= Exercise prompt =
Each line that contains the word "imports" counts once; give the total for the records below and nothing else.
- - - - - - -
(* Let $V$ be a vertex operator algebra of CFT type and $M=\bigoplus_{n\ge0}M(n)$ an admissible $V$-module strongly generated by $W\subseteq M$. Then $\mathrm{gr}\,A(M)$ is generated as a $\mathrm{gr}\,A(V)$-module by $\psi(\{w+C_2(M):w\in W\})$. In particular, if $M$ is strongly finitely generated, then $\mathrm{gr}\,A(M)$ is a finitely generated $\mathrm{gr}\,A(V)$-module.
   Context: $V_0=\mathbb{C}\mathbf{1}$, $V_+=\bigoplus_{n\ge1}V_n$, $Y_M(a,z)=\sum_na_nz^{-n-1}$. $M$ is strongly generated by $W$ if it is spanned by $a^1_{-n_1}\cdots a^k_{-n_k}w$ with $k\ge0$, $a^i\in V_+$ homogeneous, $n_i\ge1$, $w\in W$; strongly finitely generated means strongly generated by a finite set. $C_2(M)=\mathrm{span}\{a_{-2}v:a\in V,v\in M\}$. Zhu's algebra $A(V)=V/O(V)$ (product $a\ast b=\mathrm{Res}_zY(a,z)b\frac{(1+z)^{\mathrm{wt} a}}{z}$) is filtered by $A(V)_n=$ image of $\bigoplus_{i\le n}V_i$. $A(M)=M/O(M)$, $O(M)$ spanned by $\mathrm{Res}_zY_M(a,z)v\frac{(1+z)^{\mathrm{wt} a}}{z^2}$, is an $A(V)$-bimodule ($a\ast v=\mathrm{Res}_zY_M(a,z)v\frac{(1+z)^{\mathrm{wt} a}}{z}$, $v\ast a=\mathrm{Res}_zY_M(a,z)v\frac{(1+z)^{\mathrm{wt} a-1}}{z}$), filtered by $A(M)_n=$ image of $\bigoplus_{i=0}^nM(i)$; $\mathrm{gr}\,A(M)=\bigoplus_nA(M)_n/A(M)_{n-1}$ is a graded $\mathrm{gr}\,A(V)$-module with $\bar a\ast\bar v=\overline{a_{-1}v}=\bar v\ast\bar a$. $\psi:M/C_2(M)\to\mathrm{gr}\,A(M)$ is the linear map $v+C_2(M)\mapsto\bar v\in A(M)_m/A(M)_{m-1}$ for $v\in M(m)$. *)

theory Defs
  imports Complex_Main
begin

text \<open>A nat-grading V = (direct sum over n) V_n is given by the family of component projections
proj n; V_n is the range of proj n.\<close>

definition nat_graded ::
  "(complex \<Rightarrow> 'v::ab_group_add \<Rightarrow> 'v) \<Rightarrow> (nat \<Rightarrow> 'v \<Rightarrow> 'v) \<Rightarrow> bool" where
  "nat_graded sc proj \<longleftrightarrow>
     vector_space sc \<and>
     (\<forall>n. Vector_Spaces.linear sc sc (proj n)) \<and>
     (\<forall>v. finite {n. proj n v \<noteq> 0}) \<and>
     (\<forall>v. v = (\<Sum>n\<in>{n. proj n v \<noteq> 0}. proj n v)) \<and>
     (\<forall>m n v. proj m (proj n v) = (if m = n then proj n v else 0))"
(* Let $n>s+1$, let $(p_{ij})_{i\neq j}$ be a probability distribution on $\mathcal{P}_n$ with $p_{ij}=p_{ji}>0$ for all $i\neq j$, let $Y_0\in(\mathbb{R}^s)^n$ be arbitrary, and let $Y(t)$ be the solution of the gradient flow of relative entropy with $Y(0)=Y_0$. (i) If $\beta(x)=(1+x)^{-1}$, then there is a uniform constant $C$ such that $\operatorname{diam} Y(t)\le C\,t^{1/4}$ for all $t\ge 1$. (ii) If $\beta(x)=e^{-x}$, then there is a uniform constant $C$ such that $\operatorname{diam} Y(t)\le C$ for all $t\ge 0$.
   Context: Standing setup. Fix integers $s\ge 1$ and $n>s+1$. Let $\mathcal{P}_n=\{(i,j): i,j\in\{1,\dots,n\},\ i\neq j\}$. Let $(p_{ij})_{i\neq j}$ be a probability distribution on $\mathcal{P}_n$ (so $\sum_{i\neq j}p_{ij}=1$) with $p_{ij}=p_{ji}>0$ for all $i\neq j$. Let $\beta:[0,\infty)\to(0,\infty)$ be a smooth decreasing function with $\sup_{x\ge 0}|(\log\beta)'(x)|<\infty$. For points $Y=(y_1,\dots,y_n)$ with $y_i\in\mathbb{R}^s$ define $q_{ij}=\beta(|y_i-y_j|^2)/\sum_{k\neq \ell}\beta(|y_k-y_\ell|^2)$ for $i\neq j$, and the relative entropy $\mathcal{C}(Y)=\sum_{i\neq j}p_{ij}\log(p_{ij}/q_{ij})$. The gradient flow of $\mathcal{C}$ is the ODE system $$\frac{dy_i}{dt}=4\sum_{j\neq i}(p_{ij}-q_{ij})(y_i-y_j)(\log\beta)'(|y_i-y_j|^2),\qquad i=1,\dots,n,$$ which, for any initial data $Y_0=Y(0)\in(\mathbb{R}^s)^n$, has a solution $Y(t)=(y_1(t),\dots,y_n(t))$ for all $t\ge0$. $\operatorname{diam}Y=\max_{i,j}|y_i-y_j|$. A constant is "uniform" if it is independent of $t$ (it may depend on $n,s,Y_0,(p_{ij}),\beta$). *)

theory Defs
  imports "HOL-Analysis.Analysis"
begin

text \<open>Points are indexed by a finite type 'i (so n = CARD('i)), each point lies in
  real^'s (so s = CARD('s)). A configuration Y is an element of (real^'s)^'i.\<close>

definition qij :: "(real \<Rightarrow> real) \<Rightarrow> (real^'s)^'i::finite \<Rightarrow> 'i \<Rightarrow> 'i \<Rightarrow> real" where
  "qij \<beta> Y i j = \<beta> ((norm (Y $ i - Y $ j))\<^sup>2) /
     (\<Sum>k\<in>UNIV. \<Sum>l\<in>UNIV - {k}. \<beta> ((norm (Y $ k - Y $ l))\<^sup>2))"

definition flow_field :: "(real \<Rightarrow> real) \<Rightarrow> ('i::finite \<Rightarrow> 'i \<Rightarrow> real)
     \<Rightarrow> (real^'s)^'i \<Rightarrow> (real^'s)^'i" where
  "flow_field \<beta> p Y = (\<chi> i. 4 *\<^sub>R (\<Sum>j\<in>UNIV - {i}.
      ((p i j - qij \<beta> Y i j) * deriv (\<lambda>x. ln (\<beta> x)) ((norm (Y $ i - Y $ j))\<^sup>2))
        *\<^sub>R (Y $ i - Y $ j)))"

definition is_flow :: "(real \<Rightarrow> real) \<Rightarrow> ('i::finite \<Rightarrow> 'i \<Rightarrow> real)
     \<Rightarrow> (real \<Rightarrow> (real^'s)^'i) \<Rightarrow> bool" where
  "is_flow \<beta> p Y \<longleftrightarrow> (\<forall>t\<ge>0. (Y has_vector_derivative flow_field \<beta> p (Y t)) (at t within {0..}))"

definition config_diam :: "(real^'s)^'i::finite \<Rightarrow> real" where
  "config_diam Y = Max {dist (Y $ i) (Y $ j) | i j. True}"

definition admissible_p :: "('i::finite \<Rightarrow> 'i \<Rightarrow> real) \<Rightarrow> bool" where
  "admissible_p p \<longleftrightarrow> (\<forall>i j. i \<noteq> j \<longrightarrow> p i j = p j i \<and> p i j > 0)
     \<and> (\<Sum>i\<in>UNIV. \<Sum>j\<in>UNIV - {i}. p i j) = 1"

end

theory Submission
  imports Defs
begin

(* The relative entropy decreases along its gradient flow, so it stays below its initial value K.
   As the kernel is decreasing, the entropy dominates p_min (log beta m - log beta D), where m and D
   are the smallest and largest squared distances between the points.

   For beta x = exp (-x) this bounds D - m by K / p_min.  Since n >= s + 2 points of R^s are affinely
   dependent, they cannot be almost equidistant: D <= n (D - m).  Hence D stays bounded.

   For beta x = 1 / (1 + x) one only gets (1 + D) / (1 + m) <= exp (K / p_min).  The sum I of all
   squared distances has derivative 8n sum_ij (q_ij - p_ij) d_ij / (1 + d_ij) <= 8n / (1 + m),
   hence I' <= 8n exp (K / p_min) / (1 + D).  Together with I <= n^2 D this bounds (I^2)', so
   D^2 <= I^2 grows at most linearly in t. *)

lemma le_linear_growth_if_deriv_le:
  fixes f f' :: "real \<Rightarrow> real"
  assumes deriv: "\<And>t. t \<ge> 0 \<Longrightarrow> (f has_real_derivative f' t) (at t within {0..})"
    and bound: "\<And>t. t \<ge> 0 \<Longrightarrow> f' t \<le> C" and "t \<ge> 0"
  shows "f t \<le> f 0 + C * t"
proof -
  have "\<exists>x\<in>{0..t}. f t - f 0 = (\<lambda>h. f' x * h) (t - 0)"
  proof (rule mvt_very_simple[OF \<open>t \<ge> 0\<close>])
    fix x assume "0 \<le> x" "x \<le> t"
    then have "(f has_real_derivative f' x) (at x within {0..t})"
      using has_field_derivative_subset[OF deriv[of x]] by auto
    then show "(f has_derivative (\<lambda>h. f' x * h)) (at x within {0..t})"
      by (simp add: has_field_derivative_def)
  qed
  then obtain x where "x \<in> {0..t}" "f t - f 0 = f' x * t" by auto
  moreover have "f' x * t \<le> C * t"
    using bound[of x] \<open>x \<in> {0..t}\<close> \<open>t \<ge> 0\<close> by (auto intro: mult_right_mono)
  ultimately show ?thesis by linarith
qed

lemma power4_le_imp_le_powr:
  fixes x A t :: real
  assumes "x \<ge> 0" "A \<ge> 0" "t \<ge> 0" "x ^ 4 \<le> A * t"
  shows "x \<le> A powr (1/4) * t powr (1/4)"
proof -
  have "x ^ 4 = x powr 4"
    using powr_realpow'[OF \<open>x \<ge> 0\<close>, of 4] by simp
  moreover have "x = (x powr 4) powr (1/4)"
    using \<open>x \<ge> 0\<close> by (subst powr_powr) simp
  ultimately have "x = (x ^ 4) powr (1/4)" by simp
  also have "\<dots> \<le> (A * t) powr (1/4)"
    using assms by (intro powr_mono2) auto
  also have "\<dots> = A powr (1/4) * t powr (1/4)"
    by (rule powr_mult)
  finally show ?thesis .
qed
lemma elimination_witnesses_Eps:
  assumes e: "e = Eps A" "lcT 0 e"
    and \<Lambda>: "\<forall>F\<in>\<Lambda>. lcT 0 (T F) \<and> F = Imp (app A (T F)) (app A e)"
  shows "elimination_witnesses L \<Lambda> e T (\<lambda>F. app A (T F))"
  unfolding elimination_witnesses_def
proof (intro ballI conjI)
  have lc_app: "lcF 0 (app A t)" if "lcT 0 t" for t
    using e that by (auto intro: lc_inst(2))
  fix F assume "F \<in> \<Lambda>"
  define t where "t = T F"
  with \<Lambda> \<open>F \<in> \<Lambda>\<close> have t: "lcT 0 t" "lcF 0 (app A t)" and F: "F = Imp (app A t) (app A e)"
    using lc_app by auto
  then show "lcT 0 (T F)" "lcF 0 (app A (T F))" unfolding t_def by auto
  have "derives L {Neg (app A t)} F"
    unfolding F using t e(2) lc_app by (auto intro: derives_imp_if_Neg derives.Assm)
  then show "derives L {Neg (app A (T F))} (Neg (Neg F))"
    unfolding t_def[symmetric] using t e(2) F lc_app by (auto intro: derives_double_neg_intro)
  fix F' assume "F' \<in> \<Lambda>"
  define t' where "t' = T F'"
  with \<Lambda> \<open>F' \<in> \<Lambda>\<close> have t': "lcT 0 t'" and F': "F' = Imp (app A t') (app A e)" by auto
  have "replF e t F' = Imp (replF e t (app A t')) (app A t)"
    unfolding F' using e(1) replF_app_self[of A e t] by simp
  moreover have "lcF 0 (replF e t (app A t'))"
    using t t' lc_app by (auto intro: lc_repl(2))
  ultimately show "derives L {app A (T F)} (replF e (T F) F')"
    unfolding t_def[symmetric] using t by (auto intro: derives.MP[OF derives_K] derives.Assm)
qed

lemma elimination_witnesses_Tau:
  assumes e: "e = Tau A" "lcT 0 e"
    and \<Lambda>: "\<forall>F\<in>\<Lambda>. lcT 0 (T F) \<and> F = Imp (app A e) (app A (T F))"
  shows "elimination_witnesses L \<Lambda> e T (\<lambda>F. Neg (app A (T F)))"
  unfolding elimination_witnesses_def
proof (intro ballI conjI)
  have lc_app: "lcF 0 (app A t)" if "lcT 0 t" for t
    using e that by (auto intro: lc_inst(2))
  fix F assume "F \<in> \<Lambda>"
  define t where "t = T F"
  with \<Lambda> \<open>F \<in> \<Lambda>\<close> have t: "lcT 0 t" "lcF 0 (app A t)" and F: "F = Imp (app A e) (app A t)"
    using lc_app by auto
  then show "lcT 0 (T F)" "lcF 0 (Neg (app A (T F)))" unfolding t_def by auto
  have "derives L {Neg (Neg (app A t))} (Neg (Neg F))"
    unfolding F using t e(2) lc_app by (auto intro: derives_double_neg_imp derives.Assm)
  then show "derives L {Neg (Neg (app A (T F)))} (Neg (Neg F))"
    unfolding t_def .
  fix F' assume "F' \<in> \<Lambda>"
  define t' where "t' = T F'"
  with \<Lambda> \<open>F' \<in> \<Lambda>\<close> have t': "lcT 0 t'" and F': "F' = Imp (app A e) (app A t')" by auto
  have "replF e t F' = Imp (app A t) (replF e t (app A t'))"
    unfolding F' using e(1) replF_app_self[of A e t] by simp
  moreover have "lcF 0 (replF e t (app A t'))"
    using t t' lc_app by (auto intro: lc_repl(2))
  ultimately show "derives L {Neg (app A (T F))} (replF e (T F) F')"
    unfolding t_def[symmetric] using t by (auto intro: derives_imp_if_Neg derives.Assm)
qed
- - - - - - -
= Result =
3